What the task requires: Find the line with "UNIV (pair_model x" in the entries below, then reproduce it and every line after it down to and including the line with "by (simp add: model_def", exactly.
** Opening Input for this task block **
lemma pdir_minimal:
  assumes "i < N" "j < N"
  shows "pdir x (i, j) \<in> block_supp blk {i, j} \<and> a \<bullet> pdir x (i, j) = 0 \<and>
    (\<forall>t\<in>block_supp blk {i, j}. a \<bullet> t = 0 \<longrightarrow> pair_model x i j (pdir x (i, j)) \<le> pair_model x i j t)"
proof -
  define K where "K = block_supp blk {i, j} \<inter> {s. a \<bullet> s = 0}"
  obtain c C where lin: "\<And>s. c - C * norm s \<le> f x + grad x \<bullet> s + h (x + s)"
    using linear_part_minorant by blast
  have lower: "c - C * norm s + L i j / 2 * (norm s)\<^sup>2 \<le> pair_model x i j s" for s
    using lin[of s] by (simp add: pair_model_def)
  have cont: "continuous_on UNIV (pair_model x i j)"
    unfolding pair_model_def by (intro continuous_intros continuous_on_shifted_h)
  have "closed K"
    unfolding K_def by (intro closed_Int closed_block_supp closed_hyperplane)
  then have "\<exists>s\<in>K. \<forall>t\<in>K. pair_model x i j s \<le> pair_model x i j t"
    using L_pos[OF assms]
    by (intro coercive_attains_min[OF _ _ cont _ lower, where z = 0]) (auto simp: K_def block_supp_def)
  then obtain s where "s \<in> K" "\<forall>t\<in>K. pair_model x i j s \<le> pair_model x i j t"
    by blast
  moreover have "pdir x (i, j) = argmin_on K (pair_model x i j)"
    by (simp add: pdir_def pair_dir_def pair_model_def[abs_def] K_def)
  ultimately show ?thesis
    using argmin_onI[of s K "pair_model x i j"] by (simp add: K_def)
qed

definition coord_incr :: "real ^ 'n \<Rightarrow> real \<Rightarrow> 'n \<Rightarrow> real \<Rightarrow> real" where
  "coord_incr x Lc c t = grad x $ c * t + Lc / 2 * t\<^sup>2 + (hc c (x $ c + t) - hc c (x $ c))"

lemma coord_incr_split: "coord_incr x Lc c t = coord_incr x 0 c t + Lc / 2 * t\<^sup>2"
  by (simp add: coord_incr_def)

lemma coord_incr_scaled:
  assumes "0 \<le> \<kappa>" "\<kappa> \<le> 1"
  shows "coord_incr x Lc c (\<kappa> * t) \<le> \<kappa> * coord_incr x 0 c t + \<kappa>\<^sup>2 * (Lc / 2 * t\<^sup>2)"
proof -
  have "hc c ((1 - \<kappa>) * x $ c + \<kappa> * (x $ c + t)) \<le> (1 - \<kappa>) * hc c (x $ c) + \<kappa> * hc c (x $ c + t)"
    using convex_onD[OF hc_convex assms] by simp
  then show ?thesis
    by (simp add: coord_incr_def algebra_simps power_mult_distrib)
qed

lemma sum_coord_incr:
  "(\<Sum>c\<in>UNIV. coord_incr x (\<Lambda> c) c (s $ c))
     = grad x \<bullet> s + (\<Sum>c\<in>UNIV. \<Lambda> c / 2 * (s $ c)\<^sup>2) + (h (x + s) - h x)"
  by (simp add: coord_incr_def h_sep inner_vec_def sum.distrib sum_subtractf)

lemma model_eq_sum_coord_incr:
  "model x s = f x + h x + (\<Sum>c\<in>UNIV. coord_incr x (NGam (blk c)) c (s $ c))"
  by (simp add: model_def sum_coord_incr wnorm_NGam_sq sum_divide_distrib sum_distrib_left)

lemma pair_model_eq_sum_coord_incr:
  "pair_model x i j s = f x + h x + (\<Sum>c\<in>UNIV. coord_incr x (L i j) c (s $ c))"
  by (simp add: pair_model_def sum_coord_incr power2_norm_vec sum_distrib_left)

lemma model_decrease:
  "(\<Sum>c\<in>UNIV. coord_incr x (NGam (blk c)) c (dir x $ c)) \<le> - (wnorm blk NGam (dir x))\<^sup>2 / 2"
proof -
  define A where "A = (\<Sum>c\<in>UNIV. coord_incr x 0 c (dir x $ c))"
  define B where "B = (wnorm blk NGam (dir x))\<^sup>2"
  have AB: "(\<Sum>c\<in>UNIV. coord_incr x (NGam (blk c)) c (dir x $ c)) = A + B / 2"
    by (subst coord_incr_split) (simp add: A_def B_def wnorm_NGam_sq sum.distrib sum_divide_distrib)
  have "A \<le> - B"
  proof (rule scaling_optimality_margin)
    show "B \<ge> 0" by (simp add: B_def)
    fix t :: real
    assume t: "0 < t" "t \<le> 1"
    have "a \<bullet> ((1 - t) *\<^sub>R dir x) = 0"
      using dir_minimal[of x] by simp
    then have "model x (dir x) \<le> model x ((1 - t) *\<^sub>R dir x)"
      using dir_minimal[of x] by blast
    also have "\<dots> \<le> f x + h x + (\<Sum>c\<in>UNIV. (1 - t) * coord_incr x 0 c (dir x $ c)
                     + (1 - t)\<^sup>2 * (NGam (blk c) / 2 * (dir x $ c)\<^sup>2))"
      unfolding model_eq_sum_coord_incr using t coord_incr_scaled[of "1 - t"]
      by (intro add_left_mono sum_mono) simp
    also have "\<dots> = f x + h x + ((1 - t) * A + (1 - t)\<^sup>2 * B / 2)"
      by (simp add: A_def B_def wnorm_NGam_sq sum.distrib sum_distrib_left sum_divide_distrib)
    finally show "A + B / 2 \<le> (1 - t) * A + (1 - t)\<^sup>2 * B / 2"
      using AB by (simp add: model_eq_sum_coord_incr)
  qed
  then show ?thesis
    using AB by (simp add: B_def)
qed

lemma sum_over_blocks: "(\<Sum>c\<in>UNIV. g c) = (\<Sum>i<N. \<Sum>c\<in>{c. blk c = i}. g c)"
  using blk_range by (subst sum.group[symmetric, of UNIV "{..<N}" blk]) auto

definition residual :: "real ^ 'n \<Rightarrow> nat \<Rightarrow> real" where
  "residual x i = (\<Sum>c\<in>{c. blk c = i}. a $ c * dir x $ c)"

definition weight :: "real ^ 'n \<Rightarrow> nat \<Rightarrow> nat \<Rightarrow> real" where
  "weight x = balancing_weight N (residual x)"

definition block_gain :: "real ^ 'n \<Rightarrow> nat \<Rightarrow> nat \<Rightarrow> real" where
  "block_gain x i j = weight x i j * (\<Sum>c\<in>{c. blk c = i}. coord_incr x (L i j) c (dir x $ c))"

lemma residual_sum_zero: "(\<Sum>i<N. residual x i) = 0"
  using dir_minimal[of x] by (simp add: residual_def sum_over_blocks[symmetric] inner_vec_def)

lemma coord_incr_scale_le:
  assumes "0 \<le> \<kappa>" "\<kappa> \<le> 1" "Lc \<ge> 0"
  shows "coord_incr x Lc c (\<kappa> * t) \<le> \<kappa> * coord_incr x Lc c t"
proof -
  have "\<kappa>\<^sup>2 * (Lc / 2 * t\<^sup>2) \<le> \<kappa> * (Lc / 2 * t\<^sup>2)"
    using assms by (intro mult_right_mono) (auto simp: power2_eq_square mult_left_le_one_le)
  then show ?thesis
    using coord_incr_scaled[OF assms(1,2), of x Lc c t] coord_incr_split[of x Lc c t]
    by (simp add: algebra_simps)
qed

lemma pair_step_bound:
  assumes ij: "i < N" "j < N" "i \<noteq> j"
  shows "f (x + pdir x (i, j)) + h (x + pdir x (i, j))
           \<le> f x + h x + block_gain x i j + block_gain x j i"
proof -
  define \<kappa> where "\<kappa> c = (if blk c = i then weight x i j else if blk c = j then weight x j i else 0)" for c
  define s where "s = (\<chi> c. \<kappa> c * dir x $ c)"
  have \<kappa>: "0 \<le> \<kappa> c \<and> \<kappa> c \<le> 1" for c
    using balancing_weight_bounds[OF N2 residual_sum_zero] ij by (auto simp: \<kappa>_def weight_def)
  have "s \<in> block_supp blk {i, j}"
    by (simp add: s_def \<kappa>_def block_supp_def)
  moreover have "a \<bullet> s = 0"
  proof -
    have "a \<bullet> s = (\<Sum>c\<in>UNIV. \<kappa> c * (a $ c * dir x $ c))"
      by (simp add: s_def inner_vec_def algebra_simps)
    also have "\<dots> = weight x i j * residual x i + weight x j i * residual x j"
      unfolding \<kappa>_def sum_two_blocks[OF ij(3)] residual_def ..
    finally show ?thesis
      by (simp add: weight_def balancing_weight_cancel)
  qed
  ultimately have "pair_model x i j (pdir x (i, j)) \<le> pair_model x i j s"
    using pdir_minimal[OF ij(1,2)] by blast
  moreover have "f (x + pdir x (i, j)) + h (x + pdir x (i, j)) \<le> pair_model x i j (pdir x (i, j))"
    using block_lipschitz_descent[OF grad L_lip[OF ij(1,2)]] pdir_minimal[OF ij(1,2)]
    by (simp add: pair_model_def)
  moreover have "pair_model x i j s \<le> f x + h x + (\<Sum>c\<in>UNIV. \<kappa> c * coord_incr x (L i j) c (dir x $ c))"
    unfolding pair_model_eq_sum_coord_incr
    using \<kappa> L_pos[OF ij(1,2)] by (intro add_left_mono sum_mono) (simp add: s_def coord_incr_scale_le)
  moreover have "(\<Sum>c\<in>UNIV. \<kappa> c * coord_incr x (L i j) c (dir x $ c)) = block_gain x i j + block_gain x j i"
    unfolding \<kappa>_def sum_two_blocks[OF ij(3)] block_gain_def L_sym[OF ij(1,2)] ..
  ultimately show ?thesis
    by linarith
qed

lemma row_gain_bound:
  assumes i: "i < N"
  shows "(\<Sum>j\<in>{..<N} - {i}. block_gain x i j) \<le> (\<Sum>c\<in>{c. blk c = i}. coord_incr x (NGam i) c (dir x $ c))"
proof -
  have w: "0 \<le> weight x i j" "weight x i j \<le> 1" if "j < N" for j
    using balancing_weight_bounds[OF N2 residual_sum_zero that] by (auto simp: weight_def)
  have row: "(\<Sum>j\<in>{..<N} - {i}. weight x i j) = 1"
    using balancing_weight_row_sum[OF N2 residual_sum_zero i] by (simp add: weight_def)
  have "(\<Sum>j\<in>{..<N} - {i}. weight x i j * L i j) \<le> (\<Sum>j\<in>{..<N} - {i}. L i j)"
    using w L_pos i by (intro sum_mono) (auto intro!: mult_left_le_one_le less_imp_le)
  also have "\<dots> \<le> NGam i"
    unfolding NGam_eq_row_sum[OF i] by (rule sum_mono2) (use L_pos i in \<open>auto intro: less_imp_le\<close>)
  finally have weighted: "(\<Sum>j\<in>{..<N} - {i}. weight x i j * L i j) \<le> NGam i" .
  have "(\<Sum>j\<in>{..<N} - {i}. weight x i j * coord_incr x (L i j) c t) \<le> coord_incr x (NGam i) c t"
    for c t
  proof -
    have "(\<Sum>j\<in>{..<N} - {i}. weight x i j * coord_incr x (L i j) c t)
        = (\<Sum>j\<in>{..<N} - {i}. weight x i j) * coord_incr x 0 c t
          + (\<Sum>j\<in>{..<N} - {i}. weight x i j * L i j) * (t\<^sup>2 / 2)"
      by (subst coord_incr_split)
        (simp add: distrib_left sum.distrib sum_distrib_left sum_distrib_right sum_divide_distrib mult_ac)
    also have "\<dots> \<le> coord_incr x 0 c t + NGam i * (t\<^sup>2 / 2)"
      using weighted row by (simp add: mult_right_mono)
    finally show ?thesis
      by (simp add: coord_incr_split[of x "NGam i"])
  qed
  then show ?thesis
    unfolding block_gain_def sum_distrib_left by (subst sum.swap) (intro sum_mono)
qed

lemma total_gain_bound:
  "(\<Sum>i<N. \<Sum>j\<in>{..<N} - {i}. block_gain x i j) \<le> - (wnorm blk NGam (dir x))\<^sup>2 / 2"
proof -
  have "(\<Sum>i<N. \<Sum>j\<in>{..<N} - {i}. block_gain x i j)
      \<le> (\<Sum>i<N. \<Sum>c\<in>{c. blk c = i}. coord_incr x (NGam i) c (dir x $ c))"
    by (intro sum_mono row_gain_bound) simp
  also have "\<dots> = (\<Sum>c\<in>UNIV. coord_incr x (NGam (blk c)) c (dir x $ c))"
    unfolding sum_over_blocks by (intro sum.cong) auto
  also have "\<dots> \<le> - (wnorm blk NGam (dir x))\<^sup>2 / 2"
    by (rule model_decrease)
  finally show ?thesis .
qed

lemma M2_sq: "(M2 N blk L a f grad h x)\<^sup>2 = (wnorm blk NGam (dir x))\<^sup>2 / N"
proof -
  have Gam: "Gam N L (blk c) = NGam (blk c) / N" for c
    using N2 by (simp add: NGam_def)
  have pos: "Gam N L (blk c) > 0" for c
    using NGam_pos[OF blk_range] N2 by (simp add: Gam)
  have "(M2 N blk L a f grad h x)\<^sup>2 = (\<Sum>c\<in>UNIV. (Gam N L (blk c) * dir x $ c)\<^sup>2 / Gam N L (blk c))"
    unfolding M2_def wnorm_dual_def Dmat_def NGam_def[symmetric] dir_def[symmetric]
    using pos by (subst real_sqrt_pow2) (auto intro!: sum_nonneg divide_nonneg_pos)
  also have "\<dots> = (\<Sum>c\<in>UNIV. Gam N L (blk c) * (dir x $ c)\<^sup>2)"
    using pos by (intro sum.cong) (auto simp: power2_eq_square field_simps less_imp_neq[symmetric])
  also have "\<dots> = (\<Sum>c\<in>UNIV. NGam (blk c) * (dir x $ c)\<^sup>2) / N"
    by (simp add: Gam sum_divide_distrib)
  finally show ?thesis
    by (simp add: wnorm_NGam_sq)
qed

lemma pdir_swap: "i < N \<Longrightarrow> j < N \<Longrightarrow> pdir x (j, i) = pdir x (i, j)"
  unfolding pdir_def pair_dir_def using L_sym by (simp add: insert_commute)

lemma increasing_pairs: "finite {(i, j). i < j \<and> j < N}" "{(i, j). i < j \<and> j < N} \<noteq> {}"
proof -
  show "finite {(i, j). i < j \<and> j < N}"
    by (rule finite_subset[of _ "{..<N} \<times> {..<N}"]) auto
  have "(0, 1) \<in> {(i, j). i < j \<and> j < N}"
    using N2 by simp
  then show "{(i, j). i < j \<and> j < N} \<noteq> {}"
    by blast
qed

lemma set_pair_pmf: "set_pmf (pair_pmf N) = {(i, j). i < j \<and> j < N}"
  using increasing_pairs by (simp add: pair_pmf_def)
** Closing Input for this task block **
Expected output:
  have cont: "continuous_on UNIV (pair_model x i j)"
    unfolding pair_model_def by (intro continuous_intros continuous_on_shifted_h)
  have "closed K"
    unfolding K_def by (intro closed_Int closed_block_supp closed_hyperplane)
  then have "\<exists>s\<in>K. \<forall>t\<in>K. pair_model x i j s \<le> pair_model x i j t"
    using L_pos[OF assms]
    by (intro coercive_attains_min[OF _ _ cont _ lower, where z = 0]) (auto simp: K_def block_supp_def)
  then obtain s where "s \<in> K" "\<forall>t\<in>K. pair_model x i j s \<le> pair_model x i j t"
    by blast
  moreover have "pdir x (i, j) = argmin_on K (pair_model x i j)"
    by (simp add: pdir_def pair_dir_def pair_model_def[abs_def] K_def)
  ultimately show ?thesis
    using argmin_onI[of s K "pair_model x i j"] by (simp add: K_def)
qed

definition coord_incr :: "real ^ 'n \<Rightarrow> real \<Rightarrow> 'n \<Rightarrow> real \<Rightarrow> real" where
  "coord_incr x Lc c t = grad x $ c * t + Lc / 2 * t\<^sup>2 + (hc c (x $ c + t) - hc c (x $ c))"

lemma coord_incr_split: "coord_incr x Lc c t = coord_incr x 0 c t + Lc / 2 * t\<^sup>2"
  by (simp add: coord_incr_def)

lemma coord_incr_scaled:
  assumes "0 \<le> \<kappa>" "\<kappa> \<le> 1"
  shows "coord_incr x Lc c (\<kappa> * t) \<le> \<kappa> * coord_incr x 0 c t + \<kappa>\<^sup>2 * (Lc / 2 * t\<^sup>2)"
proof -
  have "hc c ((1 - \<kappa>) * x $ c + \<kappa> * (x $ c + t)) \<le> (1 - \<kappa>) * hc c (x $ c) + \<kappa> * hc c (x $ c + t)"
    using convex_onD[OF hc_convex assms] by simp
  then show ?thesis
    by (simp add: coord_incr_def algebra_simps power_mult_distrib)
qed

lemma sum_coord_incr:
  "(\<Sum>c\<in>UNIV. coord_incr x (\<Lambda> c) c (s $ c))
     = grad x \<bullet> s + (\<Sum>c\<in>UNIV. \<Lambda> c / 2 * (s $ c)\<^sup>2) + (h (x + s) - h x)"
  by (simp add: coord_incr_def h_sep inner_vec_def sum.distrib sum_subtractf)

lemma model_eq_sum_coord_incr:
  "model x s = f x + h x + (\<Sum>c\<in>UNIV. coord_incr x (NGam (blk c)) c (s $ c))"
  by (simp add: model_def sum_coord_incr wnorm_NGam_sq sum_divide_distrib sum_distrib_left)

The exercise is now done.